Written by Bryan Lutz, Editor at Dollarcollapse.com:

 

It’s starting to become obvious, even if you’re someone who’s new to investing or macro-economics.

What’s happening in the markets isn’t normal.

Stocks are trading at 100, sometimes 200 times their valuation. And yet, corrections look like knocking off maybe 30% of a stocks valuation, but only for awhile. More money gets printed by the Federal Reserve, and then the Treasury hands it out to banks for fun and profit in the stock market.

The Money Bubble continues to grow bigger every day.

Here are three charts that show today’s markets are anything but normal:

 

The Wilshire 5000 Total Market Index is a market-capitalization-weighted index designed to measure the performance of essentially the entire investable U.S. stock market.

Since its inception in 1971. the average sits at 90%.

Today, we’re north of 220%.

That red dashed line is what normal used to look like, back when stocks reflected the economy that produced them. Now the whole market is worth more than twice everything America makes in a year. Every recession on this chart dragged the line back toward 90%. This one hasn’t reverted.

And, since the Fed began Quantitative Easing(QE) as a solution for the Great Financial Crisis (2008), it’s just kept climbing.

Next up is the Buffett Indicator. It’s fairly well known.

If you don’t know how it measures a “normal” stock market the Buffett Indicator divides total stock market value by GDP. It shows whether the market is worth more or less than the economy producing it. Warren Buffett once called this ratio “probably the best single measure of where valuations stand.”

Today it just hit a new all-time-high at 233.9%.

Back when it crossed 100% in 2000, he warned everyone that we were playing with fire. Now we’ve more than doubled that. The market is worth nearly two and a half times the entire economy underneath it.
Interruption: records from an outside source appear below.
lemma prime_divisor_count_balance:
  assumes "finite Pr" and Pr: "\<And>p. p \<in> Pr \<Longrightarrow> prime p \<and> p ^ 3 dvd n"
    and no_square: "\<And>p x. p \<in> Pr \<Longrightarrow> x \<in> {a, b, c, d} \<Longrightarrow> \<not> p\<^sup>2 dvd x"
    and cong: "[a * b * c = d\<^sup>2] (mod n)"
  shows "prime_divisor_count Pr a + prime_divisor_count Pr b + prime_divisor_count Pr c
           = 2 * prime_divisor_count Pr d"
proof -
  note count = prime_divisor_count_sum[OF assms(1), where 'a=nat, unfolded of_nat_id]
  have "prime_divisor_count Pr a + prime_divisor_count Pr b + prime_divisor_count Pr c
      = (\<Sum>p\<in>Pr. of_bool (p dvd a) + of_bool (p dvd b) + of_bool (p dvd c))"
    unfolding count by (simp only: sum.distrib)
  also have "\<dots> = (\<Sum>p\<in>Pr. 2 * of_bool (p dvd d))"
    using Pr no_square cong by (intro sum.cong refl prime_indicator_balance) auto
  also have "\<dots> = 2 * prime_divisor_count Pr d"
    unfolding count by (simp only: sum_distrib_left)
  finally show ?thesis .
qed

definition typical_residues :: "nat set \<Rightarrow> nat \<Rightarrow> real \<Rightarrow> nat set" where
  "typical_residues Pr n \<mu> =
     {x\<in>{0..<n}. (\<forall>p\<in>Pr. \<not> p\<^sup>2 dvd x) \<and> \<bar>real (prime_divisor_count Pr x) - \<mu>\<bar> \<le> \<mu> / 6}"

text \<open>For typical residues the left side of the balance is at least \<open>5\<mu>/2\<close> while the right
  side is at most \<open>7\<mu>/3\<close>, so \<open>abc = d\<^sup>2\<close> has no solution among them.\<close>

lemma typical_residues_no_solution:
  assumes "finite Pr" and "\<And>p. p \<in> Pr \<Longrightarrow> prime p \<and> p ^ 3 dvd n" and "\<mu> > 0"
    and "a \<in> typical_residues Pr n \<mu>" "b \<in> typical_residues Pr n \<mu>"
        "c \<in> typical_residues Pr n \<mu>" "d \<in> typical_residues Pr n \<mu>"
  shows "\<not> [a * b * c = d\<^sup>2] (mod n)"
proof
  let ?\<omega> = "\<lambda>x. real (prime_divisor_count Pr x)"
  assume "[a * b * c = d\<^sup>2] (mod n)"
  then have "prime_divisor_count Pr a + prime_divisor_count Pr b + prime_divisor_count Pr c
               = 2 * prime_divisor_count Pr d"
    using assms by (intro prime_divisor_count_balance) (auto simp: typical_residues_def)
  then have "?\<omega> a + ?\<omega> b + ?\<omega> c = 2 * ?\<omega> d" by (metis of_nat_add of_nat_mult of_nat_numeral)
  moreover have near: "5 * \<mu> / 6 \<le> ?\<omega> x \<and> ?\<omega> x \<le> 7 * \<mu> / 6"
    if "x \<in> typical_residues Pr n \<mu>" for x
  proof -
    have "\<bar>?\<omega> x - \<mu>\<bar> \<le> \<mu> / 6" using that by (simp add: typical_residues_def)
    then show ?thesis by (simp only: abs_le_iff) linarith
  qed
  ultimately show False
    using near[OF assms(4)] near[OF assms(5)] near[OF assms(6)] near[OF assms(7)] \<open>\<mu> > 0\<close>
    by linarith
qed

section \<open>Counting residues\<close>

lemma card_multiples_below:
  fixes q n :: nat
  assumes "q > 0" "q dvd n"
  shows "real (card {x\<in>{0..<n}. q dvd x}) = real n / real q"
proof -
  have "{x\<in>{0..<n}. q dvd x} = (\<lambda>k. q * k) ` {0..<n div q}"
    using assms by (auto simp: dvd_def)
  moreover have "inj_on (\<lambda>k. q * k) {0..<n div q}" using assms by (auto simp: inj_on_def)
  ultimately have "card {x\<in>{0..<n}. q dvd x} = n div q" by (simp add: card_image)
  then show ?thesis using real_of_nat_div[OF assms(2)] by simp
qed

text \<open>Telescoping: \<open>\<Sum> 1/m\<^sup>2\<close> over any finite set of integers \<open>> P\<close> is at most \<open>1/P\<close>.\<close>

lemma sum_inverse_squares_le:
  fixes P :: nat
  assumes "P \<ge> 1" "finite A" "A \<subseteq> {P<..}"
  shows "(\<Sum>m\<in>A. 1 / (real m)\<^sup>2) \<le> 1 / real P"
proof -
  have telescope: "(\<Sum>m\<in>{P<..X}. 1 / (real m)\<^sup>2) \<le> 1 / real P - 1 / real X" if "P \<le> X" for X
    using that
  proof (induction X rule: dec_induct)
    case (step X)
    have "real X \<ge> 1" using step assms by simp
    have "(\<Sum>m\<in>{P<..Suc X}. 1 / (real m)\<^sup>2) = 1 / (real X + 1)\<^sup>2 + (\<Sum>m\<in>{P<..X}. 1 / (real m)\<^sup>2)"
    proof -
      have "{P<..Suc X} = insert (Suc X) {P<..X}" using step by auto
      then show ?thesis by simp
    qed
    also have "\<dots> \<le> 1 / (real X * (real X + 1)) + (1 / real P - 1 / real X)"
      using step.IH \<open>real X \<ge> 1\<close> by (intro add_mono divide_left_mono) (auto simp: power2_eq_square)
    also have "\<dots> = 1 / real P - 1 / real (Suc X)"
    proof -
      have "1 / (real X * (real X + 1)) = 1 / real X - 1 / (real X + 1)"
        using \<open>real X \<ge> 1\<close> by (simp add: divide_simps)
      then show ?thesis by simp
    qed
    finally show ?case .
  qed simp
  define X where "X = Max (insert P A)"
  have "P \<le> X" "A \<subseteq> {P<..X}" using assms unfolding X_def by auto
  then have "(\<Sum>m\<in>A. 1 / (real m)\<^sup>2) \<le> (\<Sum>m\<in>{P<..X}. 1 / (real m)\<^sup>2)"
    by (intro sum_mono2) auto
  also have "\<dots> \<le> 1 / real P - 1 / real X" by (rule telescope[OF \<open>P \<le> X\<close>])
  also have "\<dots> \<le> 1 / real P" by simp
  finally show ?thesis .
qed

lemma card_square_divisible_le:
  fixes P n :: nat
  assumes "P \<ge> 1" "finite Pr" "Pr \<subseteq> {P<..}" and Pr: "\<And>p. p \<in> Pr \<Longrightarrow> p\<^sup>2 dvd n"
  shows "real (card (\<Union>p\<in>Pr. {x\<in>{0..<n}. p\<^sup>2 dvd x})) \<le> real n / real P"
proof -
  have pos: "p > 0" if "p \<in> Pr" for p using assms(3) that by auto
  have "real (card (\<Union>p\<in>Pr. {x\<in>{0..<n}. p\<^sup>2 dvd x})) \<le> (\<Sum>p\<in>Pr. real (card {x\<in>{0..<n}. p\<^sup>2 dvd x}))"
    using card_UN_le[OF assms(2)] by (simp flip: of_nat_sum)
  also have "\<dots> = (\<Sum>p\<in>Pr. real n / real (p\<^sup>2))"
    using pos Pr by (intro sum.cong refl card_multiples_below) auto
  also have "\<dots> = real n * (\<Sum>p\<in>Pr. 1 / (real p)\<^sup>2)" by (simp add: sum_distrib_left)
  also have "\<dots> \<le> real n / real P"
    using sum_inverse_squares_le[OF assms(1-3)] by (simp add: mult_left_mono divide_inverse)
  finally show ?thesis .
qed

text \<open>The mean of \<open>prime_divisor_count Pr\<close> over the residues modulo a multiple of \<open>\<Prod>Pr\<close>
  is \<open>\<mu> = \<Sum>p\<in>Pr. 1/p\<close>: each \<open>p\<close> divides exactly \<open>n/p\<close> of them.\<close>

lemma prime_divisor_count_first_moment:
  assumes "finite Pr" and Pr: "\<And>p. p \<in> Pr \<Longrightarrow> prime p" and "\<Prod>Pr dvd n"
  shows "(\<Sum>x\<in>{0..<n}. real (prime_divisor_count Pr x)) = real n * (\<Sum>p\<in>Pr. 1 / real p)"
proof -
  have "(\<Sum>x\<in>{0..<n}. real (prime_divisor_count Pr x)) = (\<Sum>x\<in>{0..<n}. \<Sum>p\<in>Pr. of_bool (p dvd x))"
    by (simp only: prime_divisor_count_sum[OF assms(1)])
  also have "\<dots> = (\<Sum>p\<in>Pr. \<Sum>x\<in>{0..<n}. of_bool (p dvd x))" by (rule sum.swap)
  also have "\<dots> = (\<Sum>p\<in>Pr. real (card {x\<in>{0..<n}. p dvd x}))"
    by (simp only: card_filter_eq_sum_of_bool[symmetric] finite_atLeastLessThan)
  also have "\<dots> = (\<Sum>p\<in>Pr. real n * (1 / real p))"
  proof (rule sum.cong[OF refl])
    fix p assume "p \<in> Pr"
    then have "p dvd n" using assms(1,3) by (meson dvd_prodI dvd_trans)
    then show "real (card {x\<in>{0..<n}. p dvd x}) = real n * (1 / real p)"
      using card_multiples_below[of p n] Pr[OF \<open>p \<in> Pr\<close>] prime_gt_0_nat by simp
  qed
  finally show ?thesis by (simp add: sum_distrib_left)
qed
lemma has_integral_inverse_powr:
  fixes z :: complex
  assumes "a > 0" "z \<noteq> 0"
  shows "((\<lambda>t. 1 / of_real t powr (z + 1)) has_integral fdiff 1 (\<lambda>w. w powr (-z)) (of_real a) / z) {a..a + 1}"
proof (rule has_integral_eq)
  show "((\<lambda>t. of_real t powr (-z - 1)) has_integral fdiff 1 (\<lambda>w. w powr (-z)) (of_real a) / z) {a..a + 1}"
  proof -
    have "((\<lambda>t. of_real t powr (-z - 1)) has_integral
        (- (of_real (a + 1) powr (-z)) / z) - (- (of_real a powr (-z)) / z)) {a..a + 1}"
    proof (rule fundamental_theorem_of_calculus)
      fix x assume "x \<in> {a..a + 1}"
      then have "complex_of_real x \<notin> \<real>\<^sub>\<le>\<^sub>0"
        using assms(1) by (auto simp: nonpos_Reals_def)
      then have "((\<lambda>w. - (w powr (-z)) / z) has_field_derivative of_real x powr (-z - 1)) (at (of_real x))"
        using assms(2) by (auto intro!: derivative_eq_intros)
      then show "((\<lambda>t. - (of_real t powr (-z)) / z) has_vector_derivative of_real x powr (-z - 1))
          (at x within {a..a + 1})"
        by (rule has_vector_derivative_real_field[THEN has_vector_derivative_at_within])
    qed (use assms in auto)
    moreover have "(- (of_real (a + 1) powr (-z)) / z) - (- (of_real a powr (-z)) / z)
        = fdiff 1 (\<lambda>w. w powr (-z)) (of_real a) / z"
      by (simp add: diff_divide_distrib)
    ultimately show ?thesis
      by simp
  qed
  show "of_real t powr (-z - 1) = 1 / of_real t powr (z + 1)" for t
    using powr_minus_divide[of "complex_of_real t" "z + 1"] by (simp only: minus_add_distrib diff_conv_add_uminus)
qed
lemma four_mult_power_le_power:
  assumes "9 \<le> k"
  shows "4 * (3 * k + 2) ^ (4 * k + 3) \<le> (k + 1) ^ (2 * (3 * k + 2))"
proof -
  define e where "e = 2 * k + 1"
  define X where "X = (3 * k + 2)\<^sup>2"
  define Y where "Y = (k + 1) ^ 3"
  obtain t where "k = 9 + t"
    using assms le_Suc_ex by blast
  then have "7 * X \<le> 6 * Y"
    by (simp add: X_def Y_def power2_eq_square power3_eq_cube algebra_simps)
  then have XY: "7 ^ e * X ^ e \<le> 6 ^ e * Y ^ e"
    by (metis power_mono power_mult_distrib zero_le)
  have "6 ^ e * (12 * X ^ e) = 12 * 6 ^ e * X ^ e"
    by (simp add: algebra_simps)
  also have "\<dots> \<le> 7 ^ e * X ^ e"
    using assms twelve_mult_six_power_le[of e] by (intro mult_le_mono1) (simp add: e_def)
  also have "\<dots> \<le> 6 ^ e * Y ^ e"
    by (rule XY)
  finally have "12 * X ^ e \<le> Y ^ e"
    by simp
  have "4 * k + 3 = Suc (2 * e)"
    by (simp add: e_def)
  then have "4 * (3 * k + 2) ^ (4 * k + 3) = 4 * ((3 * k + 2) * X ^ e)"
    by (simp only: power_Suc X_def power_mult)
  also have "\<dots> \<le> (k + 1) * (12 * X ^ e)"
    by (simp add: algebra_simps)
  also have "\<dots> \<le> (k + 1) * Y ^ e"
    using \<open>12 * X ^ e \<le> Y ^ e\<close> by (rule mult_le_mono2)
  also have "\<dots> = (k + 1) ^ Suc (3 * e)"
    by (simp only: power_Suc Y_def power_mult)
  also have "Suc (3 * e) = 2 * (3 * k + 2)"
    by (simp add: e_def)
  finally show ?thesis .
qed

lemma four_eulerian_le_square_large_k:
  assumes "9 \<le> k" "4 * k + 3 \<le> n"
  shows "4 * eulerian n (3 * k + 1) \<le> (eulerian n k)\<^sup>2"
proof -
  have "4 * eulerian n (3 * k + 1) \<le> 4 * (3 * k + 2) ^ n"
    using eulerian_le_power[of n "3 * k + 1"] by simp
  also have "\<dots> \<le> (k + 1) ^ (2 * (3 * k + 2)) * ((k + 1)\<^sup>2) ^ (n - (4 * k + 3))"
    using assms three_mult_add_two_le_square four_mult_power_le_power
    by (intro mult_power_le_mult_power) auto
  also have "\<dots> = (k + 1) ^ (2 * (n - k - 1))"
  proof -
    have "2 * (n - k - 1) = 2 * (3 * k + 2) + 2 * (n - (4 * k + 3))"
      using assms by simp
    then show ?thesis
      by (simp only: power_add power_mult)
  qed
  also have "\<dots> \<le> (eulerian n k)\<^sup>2"
    using assms by (intro eulerian_square_ge_power) simp
  finally show ?thesis .
qed

lemma power_le_mult_eulerian:
  assumes "k < N" "N \<le> n" "(c + 1) * (N + 1) * k ^ N \<le> c * (k + 1) ^ N"
  shows "(k + 1) ^ n \<le> (c + 1) * eulerian n k"
proof -
  have "(c + 1) * (k + 1) ^ n \<le> (c + 1) * (eulerian n k + (n + 1) * k ^ n)"
    using assms by (intro mult_le_mono2 power_le_eulerian_add) simp
  also have "\<dots> = (c + 1) * eulerian n k + (c + 1) * (n + 1) * k ^ n"
    by (simp add: algebra_simps)
  also have "\<dots> \<le> (c + 1) * eulerian n k + c * (k + 1) ^ n"
    using Suc_mult_power_le_Suc_power_mono[OF less_imp_le[OF assms(1)] assms(2,3)]
    by (rule add_left_mono)
  finally show ?thesis
    by simp
qed
lemma fourier_chain_kernel:
  assumes "k < n"
  shows "fourier (chain_kernel k y) z = fourier (h k) (y - z) * chain_integral k (y - z)"
proof -
  let ?a = "\<lambda>\<xi>. \<Sum>i<k. \<xi> i"
  have phase: "cis (- (z \<bullet> \<eta>)) * cis (\<eta> \<bullet> y) = cis (\<eta> \<bullet> (y - z))" for \<eta>
    by (simp add: cis_mult inner_diff_right inner_commute[of z])
  have shift: "cis ((- ?a \<xi> - \<zeta>) \<bullet> (y - z)) = cis (- (?a \<xi> \<bullet> (y - z))) * cis (- ((y - z) \<bullet> \<zeta>))"
    for \<xi> \<zeta>
  proof -
    have "(- ?a \<xi> - \<zeta>) \<bullet> (y - z) = - (?a \<xi> \<bullet> (y - z)) + - ((y - z) \<bullet> \<zeta>)"
      by (simp add: inner_diff_left inner_commute[of \<zeta>])
    thus ?thesis
      by (simp add: cis_mult)
  qed
  have "fourier (chain_kernel k y) z
      = (\<integral>\<eta>. cis (\<eta> \<bullet> (y - z)) * (\<integral>\<xi>. weight k \<xi> * h k (- ?a \<xi> - \<eta>) \<partial>Pi_lborel k) \<partial>lborel)"
    unfolding fourier_def chain_kernel_def by (simp add: mult.assoc[symmetric] phase)
  also have "\<dots> = (\<integral>\<xi>. weight k \<xi> * (\<integral>\<zeta>. h k \<zeta> * cis ((- ?a \<xi> - \<zeta>) \<bullet> (y - z)) \<partial>lborel) \<partial>Pi_lborel k)"
    using assms by (intro integral_chain_kernel_swap[where B = 1]) auto
  also have "\<dots> = (\<integral>\<xi>. weight k \<xi> * cis (- (?a \<xi> \<bullet> (y - z))) * fourier (h k) (y - z) \<partial>Pi_lborel k)"
  proof (intro Bochner_Integration.integral_cong refl)
    fix \<xi>
    have "(\<integral>\<zeta>. h k \<zeta> * cis ((- ?a \<xi> - \<zeta>) \<bullet> (y - z)) \<partial>lborel)
        = (\<integral>\<zeta>. cis (- (?a \<xi> \<bullet> (y - z))) * (cis (- ((y - z) \<bullet> \<zeta>)) * h k \<zeta>) \<partial>lborel)"
      by (simp add: shift mult_ac)
    thus "weight k \<xi> * (\<integral>\<zeta>. h k \<zeta> * cis ((- ?a \<xi> - \<zeta>) \<bullet> (y - z)) \<partial>lborel)
        = weight k \<xi> * cis (- (?a \<xi> \<bullet> (y - z))) * fourier (h k) (y - z)"
      by (simp add: fourier_def mult.assoc)
  qed
  finally show ?thesis
    by (simp add: chain_integral_def mult.commute)
qed

lemma integral_chain_kernel_wave_hat:
  assumes "k < n"
  shows "(\<integral>\<eta>. chain_kernel k y \<eta> * complex_of_real (wave_hat (s k) \<eta>) \<partial>lborel) = chain_integral (Suc k) y"
proof -
  let ?a = "\<lambda>\<xi>. \<Sum>i<k. \<xi> i"
  let ?F = "\<lambda>\<eta>. cis (\<eta> \<bullet> y) * complex_of_real (wave_hat (s k) \<eta>)"
  have "norm (?F \<eta>) \<le> \<bar>s k\<bar>" for \<eta>
    by (simp add: norm_mult wave_hat_abs_le)
  hence "(\<integral>\<eta>. chain_kernel k y \<eta> * complex_of_real (wave_hat (s k) \<eta>) \<partial>lborel)
      = (\<integral>\<xi>. weight k \<xi> * (\<integral>\<zeta>. h k \<zeta> * ?F (- ?a \<xi> - \<zeta>) \<partial>lborel) \<partial>Pi_lborel k)"
    unfolding chain_kernel_def using assms
    by (subst integral_chain_kernel_swap[symmetric]) (auto simp: mult_ac)
  also have "\<dots> = chain_integral (Suc k) y"
  proof -
    have "h k \<zeta> * ?F (- ?a \<xi> - \<zeta>)
        = h k \<zeta> * complex_of_real (wave_hat (s k) (?a \<xi> + \<zeta>)) * cis (- ((?a \<xi> + \<zeta>) \<bullet> y))" for \<xi> \<zeta>
    proof -
      have "- ?a \<xi> - \<zeta> = - (?a \<xi> + \<zeta>)"
        by simp
      thus ?thesis
        by (simp only: wave_hat_uminus inner_minus_left mult_ac)
    qed
    thus ?thesis
      unfolding chain_integral_Suc[OF assms] by (simp only:)
  qed
  finally show ?thesis .
qed

lemma chain_integral_convolution:
  assumes "k < n"
    and T: "\<And>\<phi>. schwartz \<phi> \<Longrightarrow> T (fourier \<phi>) = (\<integral>\<xi>. \<phi> \<xi> * complex_of_real (wave_hat (s k) \<xi>) \<partial>lborel)"
  shows "T (\<lambda>z. fourier (h k) (y - z) * chain_integral k (y - z)) = chain_integral (Suc k) y"
proof -
  have "(\<lambda>z. fourier (h k) (y - z) * chain_integral k (y - z)) = fourier (chain_kernel k y)"
    using fourier_chain_kernel[OF assms(1)] by (simp add: fun_eq_iff)
  thus ?thesis
    using T[OF schwartz_test_fn[OF test_fn_chain_kernel[OF assms(1)]]]
      integral_chain_kernel_wave_hat[OF assms(1)] by simp
qed

end

theorem proposition2p1:
  fixes G :: "real \<Rightarrow> ('a::euclidean_space \<Rightarrow> complex) \<Rightarrow> complex"
    and n :: nat and tt :: "nat \<Rightarrow> real" and x :: 'a
    and h :: "nat \<Rightarrow> 'a \<Rightarrow> complex"
  assumes G_fourier: "\<And>s \<phi>. s > 0 \<Longrightarrow> schwartz \<phi> \<Longrightarrow>
              G s (fourier \<phi>) = (\<integral>\<xi>. \<phi> \<xi> * complex_of_real (wave_hat s \<xi>) \<partial>lborel)"
    and G_rapid: "\<And>s \<psi>. s > 0 \<Longrightarrow> schwartz \<psi> \<Longrightarrow> schwartz (conv_dist \<psi> (G s))"
    and n_pos: "n \<ge> 1"
    and t_pos: "0 < tt 0"
    and t_incr: "\<And>j. j < n \<Longrightarrow> tt j < tt (Suc j)"
    and h_test: "\<And>i. i < n \<Longrightarrow> test_fn (h i)"
  shows "f_pair G n tt x (\<lambda>i. fourier (h i)) =
    (\<integral>\<xi>. (\<Prod>i<n. h i (\<xi> i)) * cis (- ((\<Sum>i<n. \<xi> i) \<bullet> x)) *
          (\<Prod>j<n. cnj (complex_of_real (wave_hat (tt (Suc j) - tt j) (\<Sum>i\<le>j. \<xi> i))))
      \<partial>(PiM {..<n} (\<lambda>_. lborel)))"
proof -
  define s where "s j = tt (Suc j) - tt j" for j
  interpret wave_chain h s n
    by unfold_locales (rule h_test)
  have phi: "conv_dist (\<lambda>y. fourier (h k) y * chain_integral k y) (G (s k)) = chain_integral (Suc k)"
    if "k < n" for k
    using chain_integral_convolution[OF that G_fourier] t_incr[OF that]
    by (simp add: fun_eq_iff conv_dist_def s_def)
  have psi: "wave_psi G (\<lambda>i. fourier (h i)) s k = (\<lambda>y. fourier (h k) y * chain_integral k y)"
    if "k < n" for k
    using that by (induction k) (simp_all add: chain_integral_0 phi)
  have "f_pair G n tt x (\<lambda>i. fourier (h i)) = chain_integral n x"
    using phi[of "n - 1"] psi[of "n - 1"] n_pos
    by (simp add: f_pair_def wave_phi_def s_def[symmetric])
  thus ?thesis
    by (simp add: chain_integral_def weight_def s_def mult_ac)
qed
There are no earnings stories that justifies this number. This is just the Money Bubble, inflating.

 

 

Lastly, we have the S&P GSCI Total Return Index

The S&P GSCI Total Return Index tracks a basket of commodities (oil, metals, grains). Dividing it by the S&P 500 shows how expensive commodities are relative to stocks: a low ratio means commodities are cheap against equities.

The median over the past 50 years is 3.87.

We’re sitting near 0.7.

Every spike on this chart is a moment when real stuff (oil, metals, grains) got expensive against paper. The Oil Crisis, Gulf War, the GFC. Then comes the green circle: the Everything Bubble, except commodities. Stocks ran. Hard assets got left for dead. That gap is the cheapest commodities have been against equities in fifty years. Yes, that special, but take a look at what’s been happening since 2015.

The ratio has been below the Dot Com Bubble low, and it’s stayed that way. Even after S&P 500 prices were brought down in 2022 as a result of increased interest rates, the ratio barely moved. The pendulum-like cycle you can see over the past 50 years is broken.

 

This stock market is unnatural, and when markets fight against reality they tend to eventually correct, HARD. This time, the Bubble is so big that the natural law is taking much longer to take action. When it does commodities, especially gold, and more so, SILVER, will most likely explode in a course correction the world has never seen before.